> _Task item_
Lines from the first one down to the one containing "Suc c \<or>" in the data below are the only ones needed; please return them exactly, both ends included.

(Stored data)
==================================================

text \<open>The inductive step of Matsumoto's theorem: two left descents \<open>a \<noteq> c\<close> of a permutation can be
  completed to reduced words for it that differ only by the braid relation between \<open>a\<close> and \<open>c\<close>.\<close>
lemma reduced_words_from_two_left_descents:
  assumes p: "p \<in> permutations_of_set {1..n}" and a: "a \<in> {1..<n}" and c: "c \<in> {1..<n}"
    and "a \<noteq> c" and pa: "precedes p (Suc a) a" and pc: "precedes p (Suc c) c"
  obtains x y where "reduced n (a # x)" "perm_list n (a # x) = p" "braid_eq (a # x) (c # y)"
proof -
  have d: "distinct p" using p by (simp add: permutations_of_set_def)
  let ?q = "map (adj_transpose a) p"
  have q: "?q \<in> permutations_of_set {1..n}" using map_adj_transpose_perm[OF p a] .
  consider (far) "a \<ge> c + 2 \<or> c \<ge> a + 2" | (adjacent) "a = Suc c \<or> c = Suc a"
    using \<open>a \<noteq> c\<close> by linarith
  then show ?thesis
  proof cases
    case far
    then have "precedes ?q (Suc c) c" using pc precedes_map_transpose_far by blast
    then obtain t where t: "reduced n (c # t)" "perm_list n (c # t) = ?q"
      using exists_reduced_Cons[OF q c] by blast
    show ?thesis
    proof (rule that)
      show "reduced n (a # c # t)" "perm_list n (a # c # t) = p"
        using reduced_Cons_of_perm_list[OF t(1) a pa t(2)] by auto
      show "braid_eq (a # c # t) (c # a # t)" using braid_eq_comm far by simp
    qed
  next
    case adjacent
    note desc = precedes_map_transpose_adjacent[OF d adjacent pa pc]
    obtain t where t: "reduced n (a # t)" "perm_list n (a # t) = map (adj_transpose c) ?q"
      using exists_reduced_Cons[OF map_adj_transpose_perm[OF q c] a desc(2)] by blast
    note c_a_t = reduced_Cons_of_perm_list[OF t(1) c desc(1) t(2)]
    show ?thesis
    proof (rule that)
      show "reduced n (a # c # a # t)" "perm_list n (a # c # a # t) = p"
        using reduced_Cons_of_perm_list[OF c_a_t(1) a pa c_a_t(2)] by auto
      show "braid_eq (a # c # a # t) (c # a # c # t)" using braid_eq_braid adjacent by auto
    qed
  qed
qed

theorem matsumoto:
  "reduced n v \<Longrightarrow> reduced n w \<Longrightarrow> perm_list n v = perm_list n w \<Longrightarrow> braid_eq v w"
proof (induction "length v" arbitrary: v w rule: less_induct)
  case less
  have len: "length v = length w" using reduced_length_eq[OF less.prems] .
  have same_letter: "braid_eq (b # u) (b # x)"
    if "reduced n (b # u)" "reduced n (b # x)" "perm_list n (b # u) = perm_list n (b # x)"
      and "length u < length v" for b u x
  proof -
    have "perm_list n u = perm_list n x"
      using that(3) by (simp add: perm_list_Cons inj_transpose)
    then show ?thesis
      using less.hyps[OF that(4)] reduced_ConsD(1)[OF that(1)] reduced_ConsD(1)[OF that(2)]
      by (blast intro: braid_eq_Cons)
  qed
  show ?case
  proof (cases v)
    case Nil
    then show ?thesis using len by simp
  next
    case (Cons a v')
    then obtain c w' where w: "w = c # w'" using len by (cases w) auto
    show ?thesis
    proof (cases "a = c")
      case True
      then show ?thesis using same_letter[of a v' w'] less.prems Cons w by simp
    next
      case False
      let ?p = "perm_list n v"
      have p: "?p \<in> permutations_of_set {1..n}"
        using less.prems(1) perm_list_perm by (simp add: reduced_def)
      note da = reduced_ConsD[OF less.prems(1)[unfolded Cons]]
      note dc = reduced_ConsD[OF less.prems(2)[unfolded w]]
      obtain x y where x: "reduced n (a # x)" "perm_list n (a # x) = ?p"
        and xy: "braid_eq (a # x) (c # y)"
        using reduced_words_from_two_left_descents[OF p da(2) dc(2) False] da(3) dc(3) less.prems(3)
          Cons w by metis
      have y: "reduced n (c # y)" "perm_list n (c # y) = ?p"
        using braid_eq_reduced[OF xy x(1)] braid_eq_perm_list[OF xy] x(2) by auto
      have "length (c # y) = length v"
        using braid_eq_length[OF xy] reduced_length_eq[OF x(1) less.prems(1)] x(2) by simp
      then have "braid_eq (c # y) w"
        using same_letter[of c y w'] y less.prems(2,3) w by simp
      moreover have "braid_eq v (a # x)"
        using same_letter[of a v' x] x less.prems(1) Cons by simp
      ultimately show ?thesis using xy by (blast intro: braid_eq_trans)
    qed
  qed
qed


section \<open>The half twists\<close>

lemma word_perm_upt:
  "word_perm [1..<Suc m] k = (if 1 \<le> k \<and> k \<le> m then Suc k else if k = Suc m then 1 else k)"
proof (induction m arbitrary: k)
  case (Suc m)
  have "[1..<Suc (Suc m)] = [1..<Suc m] @ [Suc m]" by simp
  then show ?case using Suc by (auto simp: word_perm_append transpose_def simp del: upt_Suc)
qed simp

lemma word_perm_Delta: "word_perm (Delta m) k = (if 1 \<le> k \<and> k \<le> m then Suc m - k else k)"
  by (induction m arbitrary: k) (auto simp: word_perm_append word_perm_upt[unfolded One_nat_def] simp del: upt_Suc)

lemma Delta_words: "m \<le> n \<Longrightarrow> Delta m \<in> words n"
  by (induction m) (auto simp: words_def)

lemma length_Delta: "length (Delta m) = card {(k, l). k < l \<and> l < m}"
proof (induction m)
  case (Suc m)
  have e: "{(k, l). k < l \<and> l < Suc m} = {(k, l). k < l \<and> l < m} \<union> ({..<m} \<times> {m})" by auto
  have "finite {(k, l). k < l \<and> l < m}"
    by (rule finite_subset[of _ "{..<m} \<times> {..<m}"]) auto
  then have "card {(k, l). k < l \<and> l < Suc m} = card {(k, l). k < l \<and> l < m} + card ({..<m} \<times> {m})"
    unfolding e by (intro card_Un_disjoint) auto
  then show ?case using Suc by simp
qed simp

==================================================

> _Written response_
text \<open>The inductive step of Matsumoto's theorem: two left descents \<open>a \<noteq> c\<close> of a permutation can be
  completed to reduced words for it that differ only by the braid relation between \<open>a\<close> and \<open>c\<close>.\<close>
lemma reduced_words_from_two_left_descents:
  assumes p: "p \<in> permutations_of_set {1..n}" and a: "a \<in> {1..<n}" and c: "c \<in> {1..<n}"
    and "a \<noteq> c" and pa: "precedes p (Suc a) a" and pc: "precedes p (Suc c) c"
  obtains x y where "reduced n (a # x)" "perm_list n (a # x) = p" "braid_eq (a # x) (c # y)"
proof -
  have d: "distinct p" using p by (simp add: permutations_of_set_def)
  let ?q = "map (adj_transpose a) p"
  have q: "?q \<in> permutations_of_set {1..n}" using map_adj_transpose_perm[OF p a] .
  consider (far) "a \<ge> c + 2 \<or> c \<ge> a + 2" | (adjacent) "a = Suc c \<or> c = Suc a"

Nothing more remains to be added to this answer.